Add configuration to use service discovery to identify and connect to the primary database server for schema migrations
Context
This has come up during gitlab-com/gl-infra/production#8212 (comment 1244386737) and is related to #889 (closed).
Problem
We just discover that we need to bypass PgBouncer and connect directly to the PostgreSQL primary server when applying post-deployment migrations. This is a must-have for post-deployment migrations containing statements that take more than 15s (current statement timeout on the server side) to execute in production AND a nice-to-have for the remaining.
Why? If we connect through PgBouncer we cannot guarantee that a single connection will be used to execute all DDL/DML statements in a given migration (PgBouncer is likely to cycle them). If we can't guarantee that, we cannot use e.g. session settings, such as reducing the statement timeout for long-running migrations.

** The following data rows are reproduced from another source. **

(* Fix an agent index $i$ with prediction horizon $N_i\ge n_i$, and suppose the input applied at time $t$ is $u_i(t) = \kappa_i(x_i(t),w_i(t))$, so that $x_i(t+1) = A_i x_i(t) + B_i u_i(t)$. If $\mathbb{QP}_i(x_i(t),w_i(t))$ is feasible at time $t$, then $\mathbb{QP}_i(x_i(t+1),w_i(t+1))$ is feasible at time $t+1$ for every $w_i(t+1)\in\mathbb{R}^p$, in particular even when $w_i(t+1)\neq S w_i(t)$.
   Context: Agent $i$: $x_i(t+1) = A_i x_i(t) + B_i u_i(t)$, $y_i(t) = C_i x_i(t)$, with $x_i(t)\in\mathbb{R}^{n_i}$, $u_i(t)\in\mathbb{R}^{m_i}$, $y_i(t)\in\mathbb{R}^q$, subject to $[x_i(t)^\top\ u_i(t)^\top]^\top \in \mathbb{Z}_i$. Standing assumptions: $(A_i,B_i)$ controllable; $\mathbb{Z}_i$ a polytope containing the origin in its interior; $K_i$ fixed with $A_i^{c} := A_i + B_i K_i$ Schur. $S\in\mathbb{R}^{p\times p}$, $Q_e\in\mathbb{R}^{q\times p}$ with $S^\rho = I$ for some positive integer $\rho$; for every eigenvalue $\lambda$ of $S$, $\begin{bmatrix} A_i-\lambda I & B_i\\ C_i & \mathbf{0}\end{bmatrix}$ has full row rank. $\Pi_i,\Gamma_i$ satisfy $A_i\Pi_i + B_i\Gamma_i = \Pi_i S$, $C_i\Pi_i = Q_e$; $L_i := \Gamma_i - K_i\Pi_i$. $w_i(t)\in\mathbb{R}^p$ is the reference of agent $i$. Fix $\epsilon_i\in(0,1)$. $\mathcal{O}_\infty^i$ is the set of $(x,w)$ such that the sequence $x(0)=x$, $w(0)=w$, $x(k+1) = A_i^c x(k) + B_i L_i w(k)$, $w(k+1) = S w(k)$ satisfies $[x(k)^\top\ (K_i x(k) + L_i w(k))^\top]^\top \in (1-\epsilon_i)\mathbb{Z}_i$ for all $k\ge 0$. Weights: $T_i = \sum_{k=1}^{\rho}(S^k)^\top T_i^0 S^k$, $T_i^0$ symmetric positive definite; $Q_i,R_i$ symmetric positive definite; $P_i$ solves $(A_i^c)^\top P_i A_i^c - P_i + Q_i = \mathbf{0}$; $\|z\|_T^2 = z^\top Tz$. MPC problem $\mathbb{QP}_i(x_i(t),w_i(t))$: decision variables $\bar w_i(0|t)\in\mathbb{R}^p$, $v_i(k|t)\in\mathbb{R}^{m_i}$ ($k=0,\dots,N_i-1$); $x_i(0|t) = x_i(t)$, $x_i(k+1|t) = A_i^c x_i(k|t) + B_i L_i \bar w_i(k|t) + B_i v_i(k|t)$, $\bar w_i(k+1|t) = S\bar w_i(k|t)$; constraints $[x_i(k|t)^\top\ (K_i x_i(k|t) + L_i\bar w_i(k|t) + v_i(k|t))^\top]^\top\in\mathbb{Z}_i$ for $k=0,\dots,N_i-1$, and $[x_i(N_i|t)^\top\ \bar w_i(N_i|t)^\top]^\top\in\mathcal{O}_\infty^i$; minimize $\|\bar w_i(0|t)-w_i(t)\|_{T_i}^2 + \sum_{k=0}^{N_i-1}\|x_i(k|t)-\Pi_i\bar w_i(k|t)\|_{Q_i}^2 + \sum_{k=0}^{N_i-1}\|v_i(k|t)\|_{R_i}^2 + \|x_i(N_i|t)-\Pi_i\bar w_i(N_i|t)\|_{P_i}^2$. With optimizer $\bar w_i^*(0|t), v_i^*(0|t)$, $\kappa_i(x_i(t),w_i(t)) = K_i x_i(t) + L_i\bar w_i^*(0|t) + v_i^*(0|t)$. *)

theory Defs
  imports "HOL-Analysis.Analysis"
begin

(* Matrix power A^k (the Cartesian matrix type has componentwise ring ops, so ^ is not used) *)
fun mpow :: "real^'n^'n \<Rightarrow> nat \<Rightarrow> real^'n^'n" where
  "mpow A 0 = mat 1"
| "mpow A (Suc k) = A ** mpow A k"

definition cmat :: "real^'c^'r \<Rightarrow> complex^'c^'r" where
  "cmat A = (\<chi> i j. complex_of_real (A $ i $ j))"

(* (A,B) controllable: the controllability matrix [B AB ... A^(n-1)B] has full rank n,
   i.e. its columns span R^n *)
definition controllable :: "real^'n^'n \<Rightarrow> real^'m^'n \<Rightarrow> bool" where
  "controllable A B \<longleftrightarrow>
     span (\<Union>k\<in>{..<CARD('n)}. range (\<lambda>u. mpow A k *v (B *v u))) = UNIV"

definition is_eigenvalue :: "real^'n^'n \<Rightarrow> complex \<Rightarrow> bool" where
  "is_eigenvalue A lam \<longleftrightarrow> (\<exists>v::complex^'n. v \<noteq> 0 \<and> cmat A *v v = lam *s v)"

definition schur :: "real^'n^'n \<Rightarrow> bool" where
  "schur A \<longleftrightarrow> (\<forall>lam. is_eigenvalue A lam \<longrightarrow> cmod lam < 1)"

(* The block matrix [[A - lam I, B],[C, 0]] has full row rank: its rows (the rows of
   [A - lam I, B] indexed by 'n and the rows of [C, 0] indexed by 'q) are linearly
   independent over the complex numbers. A row combination with coefficients (y,z) is
   (y v* (A - lam I) + z v* C, y v* B). *)
definition full_row_rank_block :: "real^'n^'n \<Rightarrow> real^'m^'n \<Rightarrow> real^'n^'q \<Rightarrow> complex \<Rightarrow> bool" where
  "full_row_rank_block A B C lam \<longleftrightarrow>
     (\<forall>(y::complex^'n) (z::complex^'q).
        y v* (cmat A - mat lam) + z v* cmat C = 0 \<and> y v* cmat B = 0
        \<longrightarrow> y = 0 \<and> z = 0)"

definition sym_pd :: "real^'n^'n \<Rightarrow> bool" where
  "sym_pd M \<longleftrightarrow> transpose M = M \<and> (\<forall>z. z \<noteq> 0 \<longrightarrow> z \<bullet> (M *v z) > 0)"

definition wnorm2 :: "real^'n^'n \<Rightarrow> real^'n \<Rightarrow> real" where
  "wnorm2 T z = z \<bullet> (T *v z)"

fun cl_traj :: "real^'n^'n \<Rightarrow> real^'m^'n \<Rightarrow> real^'p^'m \<Rightarrow> real^'p^'p
                 \<Rightarrow> real^'n \<Rightarrow> real^'p \<Rightarrow> nat \<Rightarrow> (real^'n) \<times> (real^'p)" where
  "cl_traj Ac B L S x w 0 = (x, w)"
| "cl_traj Ac B L S x w (Suc k) =
     (let (xk, wk) = cl_traj Ac B L S x w k in (Ac *v xk + B *v (L *v wk), S *v wk))"

definition O_inf :: "real^'n^'n \<Rightarrow> real^'m^'n \<Rightarrow> real^'n^'m \<Rightarrow> real^'p^'m \<Rightarrow> real^'p^'p
                     \<Rightarrow> ((real^'n) \<times> (real^'m)) set \<Rightarrow> real \<Rightarrow> ((real^'n) \<times> (real^'p)) set" where
  "O_inf A B K L S Z \<epsilon> =
     {(x, w). \<forall>k. (let (xk, wk) = cl_traj (A + B ** K) B L S x w k
                   in (xk, K *v xk + L *v wk) \<in> (\<lambda>z. (1 - \<epsilon>) *\<^sub>R z) ` Z)}"

definition wpred :: "real^'p^'p \<Rightarrow> real^'p \<Rightarrow> nat \<Rightarrow> real^'p" where
  "wpred S wb k = mpow S k *v wb"

fun xpred :: "real^'n^'n \<Rightarrow> real^'m^'n \<Rightarrow> real^'n^'m \<Rightarrow> real^'p^'m \<Rightarrow> real^'p^'p
              \<Rightarrow> real^'n \<Rightarrow> real^'p \<Rightarrow> (nat \<Rightarrow> real^'m) \<Rightarrow> nat \<Rightarrow> real^'n" where
  "xpred A B K L S x wb v 0 = x"
| "xpred A B K L S x wb v (Suc k) =
     (A + B ** K) *v xpred A B K L S x wb v k + B *v (L *v wpred S wb k) + B *v v k"

(* constraints of QP_i(x,w) for the decision variables \<bar>w(0|t) = wb, v(k|t) = v k (k < N) *)
definition qp_constr :: "real^'n^'n \<Rightarrow> real^'m^'n \<Rightarrow> real^'n^'m \<Rightarrow> real^'p^'m \<Rightarrow> real^'p^'p
                \<Rightarrow> ((real^'n) \<times> (real^'m)) set \<Rightarrow> real \<Rightarrow> nat
                \<Rightarrow> real^'n \<Rightarrow> real^'p \<Rightarrow> (nat \<Rightarrow> real^'m) \<Rightarrow> bool" where
  "qp_constr A B K L S Z \<epsilon> N x wb v \<longleftrightarrow>
     (\<forall>k<N. (xpred A B K L S x wb v k,
             K *v xpred A B K L S x wb v k + L *v wpred S wb k + v k) \<in> Z)
     \<and> (xpred A B K L S x wb v N, wpred S wb N) \<in> O_inf A B K L S Z \<epsilon>"

(* QP_i(x,w) is feasible (the constraints do not involve w; only the cost does) *)
definition qp_feasible :: "real^'n^'n \<Rightarrow> real^'m^'n \<Rightarrow> real^'n^'m \<Rightarrow> real^'p^'m \<Rightarrow> real^'p^'p
                \<Rightarrow> ((real^'n) \<times> (real^'m)) set \<Rightarrow> real \<Rightarrow> nat
                \<Rightarrow> real^'n \<Rightarrow> real^'p \<Rightarrow> bool" where
  "qp_feasible A B K L S Z \<epsilon> N x w \<longleftrightarrow> (\<exists>wb v. qp_constr A B K L S Z \<epsilon> N x wb v)"

definition qp_cost :: "real^'n^'n \<Rightarrow> real^'m^'n \<Rightarrow> real^'n^'m \<Rightarrow> real^'p^'m \<Rightarrow> real^'p^'p
                \<Rightarrow> real^'p^'n \<Rightarrow> real^'p^'p \<Rightarrow> real^'n^'n \<Rightarrow> real^'m^'m \<Rightarrow> real^'n^'n \<Rightarrow> nat
                \<Rightarrow> real^'n \<Rightarrow> real^'p \<Rightarrow> real^'p \<Rightarrow> (nat \<Rightarrow> real^'m) \<Rightarrow> real" where
  "qp_cost A B K L S Pim T Q R P N x w wb v =
     wnorm2 T (wb - w)
     + (\<Sum>k<N. wnorm2 Q (xpred A B K L S x wb v k - Pim *v wpred S wb k))
     + (\<Sum>k<N. wnorm2 R (v k))
     + wnorm2 P (xpred A B K L S x wb v N - Pim *v wpred S wb N)"

definition qp_optimizer :: "real^'n^'n \<Rightarrow> real^'m^'n \<Rightarrow> real^'n^'m \<Rightarrow> real^'p^'m \<Rightarrow> real^'p^'p
                \<Rightarrow> ((real^'n) \<times> (real^'m)) set \<Rightarrow> real \<Rightarrow> real^'p^'n \<Rightarrow> real^'p^'p \<Rightarrow> real^'n^'n
                \<Rightarrow> real^'m^'m \<Rightarrow> real^'n^'n \<Rightarrow> nat
                \<Rightarrow> real^'n \<Rightarrow> real^'p \<Rightarrow> real^'p \<Rightarrow> (nat \<Rightarrow> real^'m) \<Rightarrow> bool" where
  "qp_optimizer A B K L S Z \<epsilon> Pim T Q R P N x w wb v \<longleftrightarrow>
     qp_constr A B K L S Z \<epsilon> N x wb v \<and>
     (\<forall>wb' v'. qp_constr A B K L S Z \<epsilon> N x wb' v' \<longrightarrow>
        qp_cost A B K L S Pim T Q R P N x w wb v \<le> qp_cost A B K L S Pim T Q R P N x w wb' v')"

end

theory Submission
  imports Defs
begin

(* Recursive feasibility by the usual shifted candidate: keep the artificial reference
   on its exosystem trajectory (S wb instead of wb), drop the first input and append the
   zero correction v = 0 at the end.  The appended step is admissible because the old
   terminal pair lies in O_inf, whose tightened constraint set (1 - eps) Z lies in Z,
   and the new terminal pair is the closed-loop successor of the old one, under which
   O_inf is invariant.  The new measurement w' never enters the constraints. *)

lemma mpow_Suc_right: "mpow A (Suc k) = mpow A k ** A"
proof (induction k)
  case 0
  then show ?case by (simp add: matrix_mul_lid matrix_mul_rid)
next
  case (Suc k)
  have "mpow A (Suc (Suc k)) = A ** (mpow A k ** A)" using Suc by simp
  also have "\<dots> = mpow A (Suc k) ** A" by (simp add: matrix_mul_assoc)
  finally show ?case .
qed

lemma wpred_0 [simp]: "wpred S wb 0 = wb"
  by (simp add: wpred_def)

lemma wpred_Suc_shift: "wpred S (S *v wb) k = wpred S wb (Suc k)"
  unfolding wpred_def by (simp only: mpow_Suc_right matrix_vector_mul_assoc)

lemma wpred_Suc: "wpred S wb (Suc k) = S *v wpred S wb k"
  by (simp add: wpred_def matrix_vector_mul_assoc)

lemma cl_traj_Suc_shift:
  "cl_traj Ac B L S x w (Suc k) = cl_traj Ac B L S (Ac *v x + B *v (L *v w)) (S *v w) k"
  by (induction k) (auto simp: split_beta)

lemma O_inf_closed_loop_step:
  assumes "(x, w) \<in> O_inf A B K L S Z \<epsilon>"
  shows "((A + B ** K) *v x + B *v (L *v w), S *v w) \<in> O_inf A B K L S Z \<epsilon>"
  using assms unfolding O_inf_def
  by (auto simp del: cl_traj.simps simp: cl_traj_Suc_shift[symmetric])

lemma convex_scaleR_mem:
  assumes "convex Z" "0 \<in> Z" "z \<in> Z" "0 \<le> a" "a \<le> 1"
  shows "a *\<^sub>R z \<in> Z"
  using convexD[OF assms(1) assms(3) assms(2), of a "1 - a"] assms(4,5) by simp

lemma O_inf_imp_constraint:
  assumes "(x, w) \<in> O_inf A B K L S Z \<epsilon>"
    and "convex Z" "0 \<in> Z" "0 \<le> \<epsilon>" "\<epsilon> \<le> 1"
  shows "(x, K *v x + L *v w) \<in> Z"
proof -
  have "(x, K *v x + L *v w) \<in> (\<lambda>z. (1 - \<epsilon>) *\<^sub>R z) ` Z"
    using assms(1) unfolding O_inf_def
    by (metis (no_types, lifting) case_prod_conv cl_traj.simps(1) mem_Collect_eq)
  then show ?thesis
    using convex_scaleR_mem[OF assms(2,3)] assms(4,5) by auto
qed

lemma xpred_1:
  "xpred A B K L S x wb v 1 = A *v x + B *v (K *v x + L *v wb + v 0)"
  by (simp add: matrix_vector_mult_add_rdistrib matrix_vector_right_distrib
      matrix_vector_mul_assoc)

lemma xpred_shift:
  assumes "\<And>j. j < k \<Longrightarrow> v' j = v (Suc j)"
  shows "xpred A B K L S (xpred A B K L S x wb v 1) (S *v wb) v' k
           = xpred A B K L S x wb v (Suc k)"
  using assms
proof (induction k)
  case 0
  then show ?case by simp
next
  case (Suc k)
  then have IH: "xpred A B K L S (xpred A B K L S x wb v 1) (S *v wb) v' k
                   = xpred A B K L S x wb v (Suc k)"
    by simp
  have "v' k = v (Suc k)" using Suc.prems by simp
  then show ?case
    by (simp only: xpred.simps(2)[of _ _ _ _ _ _ _ _ k] IH wpred_Suc_shift) simp
qed

lemma qp_constr_shifted_candidate:
  assumes constr: "qp_constr A B K L S Z \<epsilon> N x wb v"
    and N_pos: "0 < N"
    and Z: "convex Z" "0 \<in> Z" and eps: "0 \<le> \<epsilon>" "\<epsilon> \<le> 1"
  shows "qp_constr A B K L S Z \<epsilon> N (xpred A B K L S x wb v 1) (S *v wb)
           (\<lambda>k. if Suc k < N then v (Suc k) else 0)"
    (is "qp_constr _ _ _ _ _ _ _ _ ?x1 _ ?v'")
proof -
  let ?xp = "xpred A B K L S x wb v"
  let ?xp' = "xpred A B K L S ?x1 (S *v wb) ?v'"
  have xp'_shift: "?xp' k = ?xp (Suc k)" if "k < N" for k
    by (rule xpred_shift) (use that in auto)
  have in_Z: "(?xp k, K *v ?xp k + L *v wpred S wb k + v k) \<in> Z" if "k < N" for k
    using constr that unfolding qp_constr_def by blast
  have terminal: "(?xp N, wpred S wb N) \<in> O_inf A B K L S Z \<epsilon>"
    using constr unfolding qp_constr_def by blast
  obtain M where M: "N = Suc M" using N_pos gr0_conv_Suc by blast
  have stage_in_Z: "(?xp' k, K *v ?xp' k + L *v wpred S (S *v wb) k + ?v' k) \<in> Z"
    if "k < N" for k
  proof (cases "Suc k < N")
    case True
    then show ?thesis using xp'_shift[OF that] in_Z[OF True] by (simp add: wpred_Suc_shift)
  next
    case False
    then have "Suc k = N" using that by simp
    then show ?thesis
      using xp'_shift[OF that] O_inf_imp_constraint[OF terminal Z eps]
      by (simp add: wpred_Suc_shift)
  qed
  have "?xp' N = (A + B ** K) *v ?xp N + B *v (L *v wpred S wb N)"
    using xp'_shift[of M] by (simp add: M wpred_Suc_shift)
  moreover have "wpred S (S *v wb) N = S *v wpred S wb N"
    by (simp add: wpred_Suc_shift wpred_Suc)
  ultimately have "(?xp' N, wpred S (S *v wb) N) \<in> O_inf A B K L S Z \<epsilon>"
    using O_inf_closed_loop_step[OF terminal] by simp
  with stage_in_Z show ?thesis unfolding qp_constr_def by blast
qed

theorem lemma5:
  fixes A :: "real^'n^'n" and B :: "real^'m^'n" and C :: "real^'n^'q"
    and Z :: "((real^'n) \<times> (real^'m)) set" and K :: "real^'n^'m"
    and S :: "real^'p^'p" and Qe :: "real^'p^'q" and \<rho> :: nat
    and Pim :: "real^'p^'n" and Gamma :: "real^'p^'m" and L :: "real^'p^'m"
    and \<epsilon> :: real and T0 T :: "real^'p^'p" and Q P :: "real^'n^'n" and R :: "real^'m^'m"
    and N :: nat
    and x :: "real^'n" and w w' :: "real^'p"
    and wb :: "real^'p" and v :: "nat \<Rightarrow> real^'m"
  assumes ctrb: "controllable A B"
    and Z_poly: "polytope Z" and Z_int: "(0, 0) \<in> interior Z"
    and K_schur: "schur (A + B ** K)"
    and S_per: "0 < \<rho>" "mpow S \<rho> = mat 1"
    and rank_cond: "\<And>lam. is_eigenvalue S lam \<Longrightarrow> full_row_rank_block A B C lam"
    and reg1: "A ** Pim + B ** Gamma = Pim ** S" and reg2: "C ** Pim = Qe"
    and L_def: "L = Gamma - K ** Pim"
    and eps: "0 < \<epsilon>" "\<epsilon> < 1"
    and T0_pd: "sym_pd T0"
    and T_def: "T = (\<Sum>k\<in>{1..\<rho>}. transpose (mpow S k) ** T0 ** mpow S k)"
    and Q_pd: "sym_pd Q" and R_pd: "sym_pd R"
    and P_lyap: "transpose (A + B ** K) ** P ** (A + B ** K) - P + Q = 0"
    and horizon: "N \<ge> CARD('n)"
    and feas: "qp_feasible A B K L S Z \<epsilon> N x w"
    and opt: "qp_optimizer A B K L S Z \<epsilon> Pim T Q R P N x w wb v"
  shows "qp_feasible A B K L S Z \<epsilon> N (A *v x + B *v (K *v x + L *v wb + v 0)) w'"
proof -
  have constr: "qp_constr A B K L S Z \<epsilon> N x wb v"
    using opt unfolding qp_optimizer_def by blast
  have "0 < CARD('n)" by simp
  then have "0 < N" using horizon by linarith
  moreover have "convex Z" using Z_poly by (rule polytope_imp_convex)
  moreover have "0 \<in> Z" using Z_int interior_subset by (auto simp: zero_prod_def)
  ultimately show ?thesis
    using qp_constr_shifted_candidate[OF constr] eps
    unfolding qp_feasible_def xpred_1 by fastforce
qed

end
(* If $I$ is a finite set of positive integers and $i\in I$, then $d(I;i)=0$, where $d(I;z)$ is the descent polynomial evaluated at $z=i$.
   Context: For a finite set $I$ of positive integers with $m=\max(I\cup\{0\})$ and $n>m$, $d(I;n)$ is the number of permutations $\pi\in\mathfrak S_n$ with $\{j\mid\pi_j>\pi_{j+1}\}=I$; this is a polynomial in $n$, and $d(I;z)$ denotes the polynomial evaluated at an arbitrary complex number $z$. *)

theory Defs
  imports Complex_Main "HOL-Combinatorics.Permutations" "HOL-Computational_Algebra.Polynomial"
begin

definition descent_set :: "nat \<Rightarrow> (nat \<Rightarrow> nat) \<Rightarrow> nat set" where
  "descent_set n \<pi> = {j. 1 \<le> j \<and> j < n \<and> \<pi> j > \<pi> (Suc j)}"

definition descent_count :: "nat set \<Rightarrow> nat \<Rightarrow> nat" where
  "descent_count I n = card {\<pi>. \<pi> permutes {1..n} \<and> descent_set n \<pi> = I}"

definition descent_poly :: "nat set \<Rightarrow> complex poly" where
  "descent_poly I = (THE p. \<forall>n::nat. n > Max (I \<union> {0}) \<longrightarrow>
       poly p (of_nat n) = of_nat (descent_count I n))"

end

theory Submission
  imports Defs "HOL-Combinatorics.Multiset_Permutations"
begin

text \<open>
  Let \<open>m = max I\<close> and \<open>J = I - {m}\<close>. Cut a permutation of \<open>{1..n}\<close> after
  position \<open>m\<close>: its descent set agrees with \<open>J\<close> away from \<open>m\<close> iff the first \<open>m\<close>
  values form an arrangement of some \<open>m\<close>-set with descent set \<open>J\<close> and the remaining
  values are increasing. These permutations are exactly those with descent set \<open>I\<close> or
  \<open>J\<close>, so \<open>d(I;n) = C(n,m) d(J;m) - d(J;n)\<close> for \<open>n \<ge> m\<close>, which is an identity of
  polynomials in \<open>n\<close>. At \<open>z = m\<close> the right-hand side is \<open>d(J;m) - d(J;m) = 0\<close>; at
  \<open>z = i \<in> J\<close> we have \<open>C(i,m) = 0\<close> and \<open>d(J;i) = 0\<close> by induction on \<open>I\<close>.
\<close>

text \<open>Lists are permutations in one-line notation; descent positions are 1-based, as in
  \<open>descent_set\<close>.\<close>

definition list_descents :: "nat list \<Rightarrow> nat set" where
  "list_descents xs = {j. 1 \<le> j \<and> j < length xs \<and> xs ! (j - 1) > xs ! j}"

lemma list_descents_subset: "list_descents xs \<subseteq> {1..<length xs}"
  by (auto simp: list_descents_def)

lemma list_descents_map_strict_mono:
  assumes "strict_mono_on A h" "set xs \<subseteq> A"
  shows "list_descents (map h xs) = list_descents xs"
proof -
  have "h (xs ! j) < h (xs ! i) \<longleftrightarrow> xs ! j < xs ! i" if "i < length xs" "j < length xs" for i j
    using assms that by (intro strict_mono_on_less) auto
  then show ?thesis
    by (auto simp: list_descents_def less_imp_diff_less)
qed

lemma list_descents_empty_iff:
  assumes "distinct xs"
  shows "list_descents xs = {} \<longleftrightarrow> sorted_wrt (<) xs"
proof -
  have "list_descents xs = Suc ` {i. Suc i < length xs \<and> xs ! Suc i < xs ! i}"
    unfolding list_descents_def by (auto simp: image_iff Suc_le_eq dest!: gr0_implies_Suc)
  then have "list_descents xs = {} \<longleftrightarrow> (\<forall>i. Suc i < length xs \<longrightarrow> \<not> xs ! Suc i < xs ! i)"
    by auto
  also have "\<dots> \<longleftrightarrow> (\<forall>i. Suc i < length xs \<longrightarrow> xs ! i < xs ! Suc i)"
  proof -
    have "xs ! i \<noteq> xs ! Suc i" if "Suc i < length xs" for i
      using assms that by (simp add: nth_eq_iff_index_eq)
    then show ?thesis
      by (meson linorder_neqE_nat order.asym)
  qed
  finally show ?thesis
    by (simp add: sorted_wrt_iff_nth_Suc_transp)
qed

lemma list_descents_append:
  "list_descents (ys @ zs) - {length ys} =
     list_descents ys \<union> (\<lambda>k. k + length ys) ` list_descents zs"
proof -
  have "j \<in> list_descents (ys @ zs) - {length ys} \<longleftrightarrow>
        j \<in> list_descents ys \<union> (\<lambda>k. k + length ys) ` list_descents zs" for j
    by (cases j "length ys" rule: linorder_cases)
       (auto simp: list_descents_def nth_append image_iff intro: exI[of _ "j - length ys"])
  then show ?thesis
    by blast
qed

lemma list_descents_append_eq_iff:
  assumes "J \<subseteq> {1..<length ys}"
  shows "list_descents (ys @ zs) - {length ys} = J \<longleftrightarrow>
           list_descents ys = J \<and> list_descents zs = {}"
proof -
  have "(\<lambda>k. k + length ys) ` list_descents zs \<inter> {1..<length ys} = {}"
    by auto
  then show ?thesis
    unfolding list_descents_append using assms list_descents_subset[of ys] by blast
qed

definition descent_words :: "nat set \<Rightarrow> nat set \<Rightarrow> nat list set" where
  "descent_words A J = {xs \<in> permutations_of_set A. list_descents xs = J}"

lemma finite_descent_words [simp]: "finite (descent_words A J)"
  by (simp add: descent_words_def)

On clustered database deployments, such as on GitLab.com, the primary server will change over time (due to maintenance or failover). So ideally, the registry should be able to use service discovery to determine the current primary server address and use that when applying schema migrations.
Solution
It seems like we need new configuration settings under the database
section to be able to configure service discovery. This would be similar to how it's done for Rails: https://docs.gitlab.com/ee/administration/postgresql/database_load_balancing.html#service-discovery. We'd then configure a DNS record name and server against which the registry could look up the current primary server address. This address would then be used to manage schema migrations (regular or post-deployment), instead of database.host
and database.port
(which points to PgBouncer).